For instance, skiing in Japan is having a huge resurgence. So, in resort planning, you keep in mind how people dine, how they get there. We work to learn and understand those needs.

 

Over 50 years, what’s the biggest change you’ve seen, and what remains the same?

The biggest change is high-speed lifts. With lift capacity up, now we’re doing 3,000 to 3,600 passengers an hour. That’s a huge change from double chairs at 1,200 an hour. 

I also like very much the trend of having warm beds in the resort village at the base instead of real estate and cabins. In Finland and other spots, they were building cabins; that required building roads and sewer and water lines everywhere, all for little lots. Ski areas had huge parking and transportation issues. We got them to stop that and to focus everything into a pedestrian court with underground parking. They refused at first, saying they could not afford underground parking, but we showed them that they cannot afford not to have it. You’ve got to do it.

But the same? Ski runs are pretty much the same. That hasn’t changed dramatically as far as I can see.

 

How do you see resort planning evolving over the next 50 years? 

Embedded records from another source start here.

lemma close_on_strips_Max_dist_r:
  fixes f g :: "nat \<Rightarrow> real \<Rightarrow> c2 \<Rightarrow> c2"
  assumes close: "\<And>i. close_on_strips (nhds \<beta>) (f i) (g i)" and "\<epsilon> > 0"
  shows "\<exists>\<delta>>0. \<forall>\<alpha>. \<bar>\<alpha> - \<beta>\<bar> < \<delta> \<longrightarrow> Max ((\<lambda>i. dist_r r (f i \<alpha>) (g i \<alpha>)) ` {0..\<tau>}) < ereal \<epsilon>"
proof -
  have "\<forall>\<^sub>F \<alpha> in nhds \<beta>. \<forall>z\<in>strip r. dist (f i \<alpha> z) (g i \<alpha> z) < \<epsilon> / 2" for i
    using close half_gt_zero[OF \<open>\<epsilon> > 0\<close>] unfolding close_on_strips_def by blast
  then have "\<forall>\<^sub>F \<alpha> in nhds \<beta>. \<forall>i\<in>{0..\<tau>}. \<forall>z\<in>strip r. dist (f i \<alpha> z) (g i \<alpha> z) < \<epsilon> / 2"
    by (intro eventually_ball_finite) auto
  then obtain \<delta> where "\<delta> > 0"
    and \<delta>: "\<And>\<alpha> i z. dist \<alpha> \<beta> < \<delta> \<Longrightarrow> i \<in> {0..\<tau>} \<Longrightarrow> z \<in> strip r \<Longrightarrow>
      dist (f i \<alpha> z) (g i \<alpha> z) < \<epsilon> / 2"
    unfolding eventually_nhds_metric by blast
  have "Max ((\<lambda>i. dist_r r (f i \<alpha>) (g i \<alpha>)) ` {0..\<tau>}) < ereal \<epsilon>" if "dist \<alpha> \<beta> < \<delta>" for \<alpha>
  proof -
    have "dist_r r (f i \<alpha>) (g i \<alpha>) < ereal \<epsilon>" if "i \<in> {0..\<tau>}" for i
    proof -
      have "dist_r r (f i \<alpha>) (g i \<alpha>) \<le> ereal (\<epsilon> / 2)"
        using \<delta>[OF \<open>dist \<alpha> \<beta> < \<delta>\<close> that] by (intro dist_r_le less_imp_le)
      also have "\<dots> < ereal \<epsilon>"
        using \<open>\<epsilon> > 0\<close> by simp
      finally show ?thesis .
    qed
    then show ?thesis
      by (subst Max_less_iff) auto
  qed
  with \<open>\<delta> > 0\<close> show ?thesis
    unfolding dist_real_def by blast
qed

theorem corollary2p1:
  fixes F H :: "c2 \<Rightarrow> c2" and p q :: int and c r \<epsilon> :: real and \<tau> :: nat
  assumes F_entire: "entire2 F" and H_entire: "entire2 H"
    and F_real: "\<And>z. real_pt z \<Longrightarrow> real_pt (F z)"
    and H_real: "\<And>z. real_pt z \<Longrightarrow> real_pt (H z)"
    and HF: "\<And>z. real_pt z \<Longrightarrow> H (F z) = z"
    and FH: "\<And>z. real_pt z \<Longrightarrow> F (H z) = z"
    and F_lift: "lift_id_periodic F" and H_lift: "lift_id_periodic H"
    and cop: "coprime p q" and q_pos: "q \<ge> 1"
    and pq_range: "0 \<le> real_of_int p / real_of_int q" "real_of_int p / real_of_int q \<le> 1"
    and c_nonneg: "c \<ge> 0"
    and r_nonneg: "r \<ge> 0" and eps_pos: "\<epsilon> > 0"
  shows "\<exists>\<delta>>0. \<forall>\<alpha>. \<bar>\<alpha> - real_of_int p / real_of_int q\<bar> < \<delta> \<longrightarrow>
           Max ((\<lambda>i. dist_r r ((H \<circ> Rot \<alpha> \<circ> F) ^^ i)
                     ((H \<circ> inv (Phi q c) \<circ> Rot \<alpha> \<circ> Phi q c \<circ> F) ^^ i)) ` {0..\<tau>})
           < ereal \<epsilon>"
proof -
  define G where "G \<alpha> = H \<circ> Rot \<alpha> \<circ> F" for \<alpha>
  define G' where "G' \<alpha> = H \<circ> (inv (Phi q c) \<circ> Rot \<alpha> \<circ> Phi q c) \<circ> F" for \<alpha>
  have F: "continuous_on UNIV F" "lift_id_periodic F"
    and H: "continuous_on UNIV H" "lift_id_periodic H"
    using F_entire H_entire F_lift H_lift by (simp_all add: entire2_continuous)
  have "close_on_strips (nhds (real_of_int p / real_of_int q)) G G'"
    unfolding G_def G'_def
    using q_pos lift_uniformly_continuous_on_strip[OF H] lift_maps_strip[OF F]
    by (intro close_on_strips_comp close_on_strips_Phi_conj_Rot maps_strips_Rot) auto
  moreover have "maps_strips G" "equicontinuous_on_strips G"
    unfolding G_def
    using lift_uniformly_continuous_on_strip[OF H] lift_uniformly_continuous_on_strip[OF F]
      lift_maps_strip[OF H] lift_maps_strip[OF F]
    by (intro maps_strips_comp equicontinuous_on_strips_comp maps_strips_Rot
        equicontinuous_on_strips_Rot; blast)+
  ultimately have "close_on_strips (nhds (real_of_int p / real_of_int q)) (\<lambda>\<alpha>. G \<alpha> ^^ i) (\<lambda>\<alpha>. G' \<alpha> ^^ i)"
    for i by (rule close_on_strips_funpow)
  from close_on_strips_Max_dist_r[OF this eps_pos] show ?thesis
    by (simp add: G_def G'_def comp_assoc)
qed

end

I doubt we will see as many new resorts as we had in the last 50. The good sites have been chosen, so there’s not so many around. And then to get through the bureaucracy we have is complicated and expensive, so I think we will just see the evolution of existing resorts. We’re on the second and third remakes of different resorts. 

 

Eco Sign ImagesLeft: Sierra Nevada, Spain, site inspection, 2002. Eduardo Valenzuela, mountain manager; Mariano Gutierrez, CEO; Paul Mathews, Ecosign; Hans Timmerman, mountain operations director. Right: Paul at the Ecosign office drafting table, 1985.

 

Your support of smaller areas, often at deep discounts, has helped more than 30 ski areas. Tell us about it.

It’s just giving back. We can do it, you know? The cost for us is not so high, and it’s not real dollars, it’s just staff time—often me doing it myself. We get these small areas set up so they are going in the right direction, so that when they start growing, they can continue that growth. 

The smaller ski area is usually the one that is closer to where people live, and that gives the whole population access. And if they like it, then they will go take that longer trip to Whistler or somewhere once a year. 

 

What’s your favorite spot on a mountain? 

For me, very often it is just a viewpoint somewhere. I like Sun Peaks Resort (B.C.) very much. If I had a role model, [Sun Peaks founder] Al Raine would be it.

 

Knowing what you know now, what advice would you give that little boy on the Breckenridge rope tow?

I’d say, “go to school and move to the mountains,” which is exactly what he did. To have worked in 46 countries on over 1,000 projects? It’s been a very good ride.